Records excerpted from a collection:
== Segment start ==

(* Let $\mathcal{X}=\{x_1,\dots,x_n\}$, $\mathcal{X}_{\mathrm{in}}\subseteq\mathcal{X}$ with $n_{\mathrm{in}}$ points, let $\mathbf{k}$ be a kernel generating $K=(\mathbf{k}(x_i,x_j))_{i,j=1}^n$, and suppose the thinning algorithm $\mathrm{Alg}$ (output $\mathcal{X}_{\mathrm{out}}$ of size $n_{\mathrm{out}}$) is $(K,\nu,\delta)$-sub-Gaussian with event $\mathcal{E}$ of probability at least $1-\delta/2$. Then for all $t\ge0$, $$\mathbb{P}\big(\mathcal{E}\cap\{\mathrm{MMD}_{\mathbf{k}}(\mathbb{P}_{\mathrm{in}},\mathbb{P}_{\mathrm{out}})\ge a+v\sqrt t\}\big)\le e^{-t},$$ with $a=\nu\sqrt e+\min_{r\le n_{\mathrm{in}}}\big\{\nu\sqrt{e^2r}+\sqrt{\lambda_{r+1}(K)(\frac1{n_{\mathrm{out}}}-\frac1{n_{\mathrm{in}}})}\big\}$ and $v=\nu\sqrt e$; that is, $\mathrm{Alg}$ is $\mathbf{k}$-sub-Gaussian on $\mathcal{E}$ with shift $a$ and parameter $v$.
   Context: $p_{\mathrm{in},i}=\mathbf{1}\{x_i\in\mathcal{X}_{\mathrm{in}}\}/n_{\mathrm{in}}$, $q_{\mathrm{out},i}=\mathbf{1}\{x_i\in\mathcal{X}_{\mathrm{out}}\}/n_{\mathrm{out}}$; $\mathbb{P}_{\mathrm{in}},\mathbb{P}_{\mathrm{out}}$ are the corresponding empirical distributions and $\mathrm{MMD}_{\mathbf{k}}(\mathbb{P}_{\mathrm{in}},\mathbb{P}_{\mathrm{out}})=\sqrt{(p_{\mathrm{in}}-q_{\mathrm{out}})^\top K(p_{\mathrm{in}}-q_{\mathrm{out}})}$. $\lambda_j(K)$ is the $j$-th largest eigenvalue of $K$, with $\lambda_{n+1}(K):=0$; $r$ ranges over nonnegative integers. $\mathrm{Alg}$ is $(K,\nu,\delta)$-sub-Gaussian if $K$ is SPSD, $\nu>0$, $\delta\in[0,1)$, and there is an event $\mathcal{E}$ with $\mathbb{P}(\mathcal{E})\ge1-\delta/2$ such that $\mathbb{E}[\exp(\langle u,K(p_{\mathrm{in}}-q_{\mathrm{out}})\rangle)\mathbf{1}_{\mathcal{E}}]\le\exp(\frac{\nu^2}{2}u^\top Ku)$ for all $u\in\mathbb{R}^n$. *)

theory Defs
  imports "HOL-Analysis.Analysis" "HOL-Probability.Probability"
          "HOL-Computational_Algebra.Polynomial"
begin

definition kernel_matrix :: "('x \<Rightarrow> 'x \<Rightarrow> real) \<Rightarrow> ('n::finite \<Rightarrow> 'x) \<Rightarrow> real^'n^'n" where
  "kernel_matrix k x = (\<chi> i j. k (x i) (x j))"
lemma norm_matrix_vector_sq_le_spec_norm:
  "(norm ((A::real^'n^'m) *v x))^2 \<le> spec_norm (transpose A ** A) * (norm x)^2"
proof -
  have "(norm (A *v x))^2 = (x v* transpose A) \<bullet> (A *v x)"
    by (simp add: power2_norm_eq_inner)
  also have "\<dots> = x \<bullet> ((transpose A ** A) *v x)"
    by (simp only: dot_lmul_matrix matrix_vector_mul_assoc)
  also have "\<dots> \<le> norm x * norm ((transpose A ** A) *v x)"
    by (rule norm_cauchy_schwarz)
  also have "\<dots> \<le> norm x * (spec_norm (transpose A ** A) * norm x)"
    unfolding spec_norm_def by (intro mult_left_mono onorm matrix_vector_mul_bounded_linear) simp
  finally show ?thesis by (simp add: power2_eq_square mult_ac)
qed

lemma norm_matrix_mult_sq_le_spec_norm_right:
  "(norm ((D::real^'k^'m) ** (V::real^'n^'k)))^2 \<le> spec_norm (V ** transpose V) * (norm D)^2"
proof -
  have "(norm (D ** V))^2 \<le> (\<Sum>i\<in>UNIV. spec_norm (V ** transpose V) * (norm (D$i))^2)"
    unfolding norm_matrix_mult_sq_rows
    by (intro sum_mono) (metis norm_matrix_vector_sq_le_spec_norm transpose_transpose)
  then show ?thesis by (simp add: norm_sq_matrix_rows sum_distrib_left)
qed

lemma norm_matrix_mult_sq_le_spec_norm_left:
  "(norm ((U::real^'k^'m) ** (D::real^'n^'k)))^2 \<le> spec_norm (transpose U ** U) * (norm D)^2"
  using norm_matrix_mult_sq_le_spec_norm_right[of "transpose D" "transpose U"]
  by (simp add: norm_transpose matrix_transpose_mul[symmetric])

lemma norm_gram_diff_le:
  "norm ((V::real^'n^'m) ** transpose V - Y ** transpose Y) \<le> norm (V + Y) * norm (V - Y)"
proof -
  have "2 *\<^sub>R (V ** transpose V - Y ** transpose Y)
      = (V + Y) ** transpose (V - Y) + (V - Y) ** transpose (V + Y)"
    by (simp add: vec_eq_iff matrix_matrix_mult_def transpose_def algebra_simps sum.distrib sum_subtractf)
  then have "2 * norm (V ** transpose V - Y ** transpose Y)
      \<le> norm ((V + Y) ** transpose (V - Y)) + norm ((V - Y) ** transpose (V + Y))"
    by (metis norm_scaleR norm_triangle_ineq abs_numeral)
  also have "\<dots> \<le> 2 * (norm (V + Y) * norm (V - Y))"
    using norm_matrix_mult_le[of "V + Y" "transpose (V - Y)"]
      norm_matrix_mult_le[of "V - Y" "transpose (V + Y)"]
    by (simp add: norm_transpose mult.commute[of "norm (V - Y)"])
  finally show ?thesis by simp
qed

== Segment end ==
== Segment start ==

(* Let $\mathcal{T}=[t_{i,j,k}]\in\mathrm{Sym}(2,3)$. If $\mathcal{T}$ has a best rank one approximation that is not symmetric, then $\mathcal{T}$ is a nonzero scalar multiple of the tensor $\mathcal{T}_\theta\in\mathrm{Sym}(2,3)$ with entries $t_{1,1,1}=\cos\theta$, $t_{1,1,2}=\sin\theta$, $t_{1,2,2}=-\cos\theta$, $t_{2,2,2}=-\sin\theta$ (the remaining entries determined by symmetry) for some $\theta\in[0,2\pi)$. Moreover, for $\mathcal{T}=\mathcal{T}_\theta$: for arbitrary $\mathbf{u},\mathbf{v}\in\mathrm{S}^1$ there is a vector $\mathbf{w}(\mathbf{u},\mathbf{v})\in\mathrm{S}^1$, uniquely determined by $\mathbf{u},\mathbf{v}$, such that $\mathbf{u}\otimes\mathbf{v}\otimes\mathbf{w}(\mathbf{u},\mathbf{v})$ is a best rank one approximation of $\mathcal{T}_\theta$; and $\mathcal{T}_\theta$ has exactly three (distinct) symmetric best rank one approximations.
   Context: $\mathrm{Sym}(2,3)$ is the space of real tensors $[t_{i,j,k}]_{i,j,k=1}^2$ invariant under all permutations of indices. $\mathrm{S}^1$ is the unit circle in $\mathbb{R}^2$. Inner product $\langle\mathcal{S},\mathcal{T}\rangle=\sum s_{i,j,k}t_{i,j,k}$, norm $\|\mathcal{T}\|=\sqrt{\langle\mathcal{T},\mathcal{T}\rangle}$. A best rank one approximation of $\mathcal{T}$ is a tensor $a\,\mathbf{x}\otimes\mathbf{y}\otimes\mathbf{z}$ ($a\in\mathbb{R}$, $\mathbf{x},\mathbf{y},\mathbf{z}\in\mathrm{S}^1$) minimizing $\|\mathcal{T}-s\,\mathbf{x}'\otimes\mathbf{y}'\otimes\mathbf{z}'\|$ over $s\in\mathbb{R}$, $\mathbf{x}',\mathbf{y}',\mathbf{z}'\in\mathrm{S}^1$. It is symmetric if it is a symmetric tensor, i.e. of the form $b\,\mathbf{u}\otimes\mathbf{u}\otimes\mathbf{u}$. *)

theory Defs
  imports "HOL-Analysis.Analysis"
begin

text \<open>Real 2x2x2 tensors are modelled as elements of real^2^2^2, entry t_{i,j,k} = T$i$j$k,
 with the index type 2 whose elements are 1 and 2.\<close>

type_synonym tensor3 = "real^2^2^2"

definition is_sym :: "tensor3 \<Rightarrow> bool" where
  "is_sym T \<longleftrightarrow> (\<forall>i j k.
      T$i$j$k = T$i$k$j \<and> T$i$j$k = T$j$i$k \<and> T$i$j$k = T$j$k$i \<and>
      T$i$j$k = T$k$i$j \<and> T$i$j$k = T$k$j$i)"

== Segment end ==
== Segment start ==

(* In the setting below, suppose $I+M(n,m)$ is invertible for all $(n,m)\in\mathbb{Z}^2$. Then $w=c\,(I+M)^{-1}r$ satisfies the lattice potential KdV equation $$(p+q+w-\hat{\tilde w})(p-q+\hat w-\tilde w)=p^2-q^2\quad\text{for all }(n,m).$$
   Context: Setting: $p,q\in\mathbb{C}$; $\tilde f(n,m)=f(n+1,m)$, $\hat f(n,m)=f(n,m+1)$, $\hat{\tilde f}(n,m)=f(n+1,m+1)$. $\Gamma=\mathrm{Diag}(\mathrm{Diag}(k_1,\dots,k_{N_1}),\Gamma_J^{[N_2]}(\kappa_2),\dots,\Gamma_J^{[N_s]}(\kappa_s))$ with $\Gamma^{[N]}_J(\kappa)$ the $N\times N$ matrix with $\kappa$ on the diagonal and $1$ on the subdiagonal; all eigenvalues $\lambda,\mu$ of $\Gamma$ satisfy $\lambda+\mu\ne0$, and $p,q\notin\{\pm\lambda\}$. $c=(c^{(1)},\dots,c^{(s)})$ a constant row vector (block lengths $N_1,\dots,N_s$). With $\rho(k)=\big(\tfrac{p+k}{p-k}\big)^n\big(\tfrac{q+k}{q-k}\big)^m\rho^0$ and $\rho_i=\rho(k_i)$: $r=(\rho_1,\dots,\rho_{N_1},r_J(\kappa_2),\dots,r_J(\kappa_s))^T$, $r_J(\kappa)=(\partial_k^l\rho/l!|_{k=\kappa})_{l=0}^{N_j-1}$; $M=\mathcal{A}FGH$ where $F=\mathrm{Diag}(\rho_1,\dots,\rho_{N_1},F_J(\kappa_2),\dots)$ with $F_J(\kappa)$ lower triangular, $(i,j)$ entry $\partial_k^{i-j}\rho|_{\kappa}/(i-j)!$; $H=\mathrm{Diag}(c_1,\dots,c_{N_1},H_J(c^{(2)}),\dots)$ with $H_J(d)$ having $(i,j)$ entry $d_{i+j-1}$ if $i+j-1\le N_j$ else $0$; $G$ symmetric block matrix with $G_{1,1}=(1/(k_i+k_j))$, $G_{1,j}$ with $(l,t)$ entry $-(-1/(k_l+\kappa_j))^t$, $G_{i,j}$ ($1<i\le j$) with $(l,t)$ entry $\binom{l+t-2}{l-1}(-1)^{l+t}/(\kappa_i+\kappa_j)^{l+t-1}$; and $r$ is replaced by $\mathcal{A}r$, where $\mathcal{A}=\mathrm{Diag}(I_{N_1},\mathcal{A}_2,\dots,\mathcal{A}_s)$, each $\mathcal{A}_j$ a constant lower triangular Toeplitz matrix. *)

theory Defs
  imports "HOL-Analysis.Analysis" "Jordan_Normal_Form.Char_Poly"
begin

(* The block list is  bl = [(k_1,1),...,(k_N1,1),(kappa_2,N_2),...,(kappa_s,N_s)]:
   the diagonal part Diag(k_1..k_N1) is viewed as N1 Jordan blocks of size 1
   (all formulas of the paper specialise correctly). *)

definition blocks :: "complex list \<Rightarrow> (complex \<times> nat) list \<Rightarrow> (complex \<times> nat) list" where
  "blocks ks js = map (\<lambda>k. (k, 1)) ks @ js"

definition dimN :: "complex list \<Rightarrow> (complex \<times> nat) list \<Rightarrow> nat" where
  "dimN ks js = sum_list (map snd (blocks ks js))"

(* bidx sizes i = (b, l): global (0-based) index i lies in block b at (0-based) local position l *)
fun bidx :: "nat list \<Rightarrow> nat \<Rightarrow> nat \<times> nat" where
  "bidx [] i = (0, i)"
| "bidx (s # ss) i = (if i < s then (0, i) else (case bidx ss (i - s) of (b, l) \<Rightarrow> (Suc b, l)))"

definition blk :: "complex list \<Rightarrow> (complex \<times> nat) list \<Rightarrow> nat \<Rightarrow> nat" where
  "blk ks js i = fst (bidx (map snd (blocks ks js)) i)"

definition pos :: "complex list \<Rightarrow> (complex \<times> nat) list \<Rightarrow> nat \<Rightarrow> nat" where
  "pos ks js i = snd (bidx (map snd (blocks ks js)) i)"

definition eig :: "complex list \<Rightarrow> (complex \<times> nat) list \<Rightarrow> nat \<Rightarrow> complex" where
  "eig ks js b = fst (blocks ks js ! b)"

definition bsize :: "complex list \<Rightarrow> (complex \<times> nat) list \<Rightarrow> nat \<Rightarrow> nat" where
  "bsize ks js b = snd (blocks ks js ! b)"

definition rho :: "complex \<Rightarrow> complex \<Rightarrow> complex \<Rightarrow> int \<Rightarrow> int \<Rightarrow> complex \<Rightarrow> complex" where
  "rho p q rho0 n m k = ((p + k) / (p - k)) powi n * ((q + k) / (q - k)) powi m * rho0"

== Segment end ==

_Problem to work on_
From the line holding "nat) list \<Rightarrow> (complex" to the line holding "complex \<Rightarrow> int", inclusive, restate each line above exactly as written.

_Answer box_
definition blocks :: "complex list \<Rightarrow> (complex \<times> nat) list \<Rightarrow> (complex \<times> nat) list" where
  "blocks ks js = map (\<lambda>k. (k, 1)) ks @ js"

definition dimN :: "complex list \<Rightarrow> (complex \<times> nat) list \<Rightarrow> nat" where
  "dimN ks js = sum_list (map snd (blocks ks js))"

(* bidx sizes i = (b, l): global (0-based) index i lies in block b at (0-based) local position l *)
fun bidx :: "nat list \<Rightarrow> nat \<Rightarrow> nat \<times> nat" where
  "bidx [] i = (0, i)"
| "bidx (s # ss) i = (if i < s then (0, i) else (case bidx ss (i - s) of (b, l) \<Rightarrow> (Suc b, l)))"

definition blk :: "complex list \<Rightarrow> (complex \<times> nat) list \<Rightarrow> nat \<Rightarrow> nat" where
  "blk ks js i = fst (bidx (map snd (blocks ks js)) i)"

definition pos :: "complex list \<Rightarrow> (complex \<times> nat) list \<Rightarrow> nat \<Rightarrow> nat" where
  "pos ks js i = snd (bidx (map snd (blocks ks js)) i)"

definition eig :: "complex list \<Rightarrow> (complex \<times> nat) list \<Rightarrow> nat \<Rightarrow> complex" where
  "eig ks js b = fst (blocks ks js ! b)"

definition bsize :: "complex list \<Rightarrow> (complex \<times> nat) list \<Rightarrow> nat \<Rightarrow> nat" where
  "bsize ks js b = snd (blocks ks js ! b)"

definition rho :: "complex \<Rightarrow> complex \<Rightarrow> complex \<Rightarrow> int \<Rightarrow> int \<Rightarrow> complex \<Rightarrow> complex" where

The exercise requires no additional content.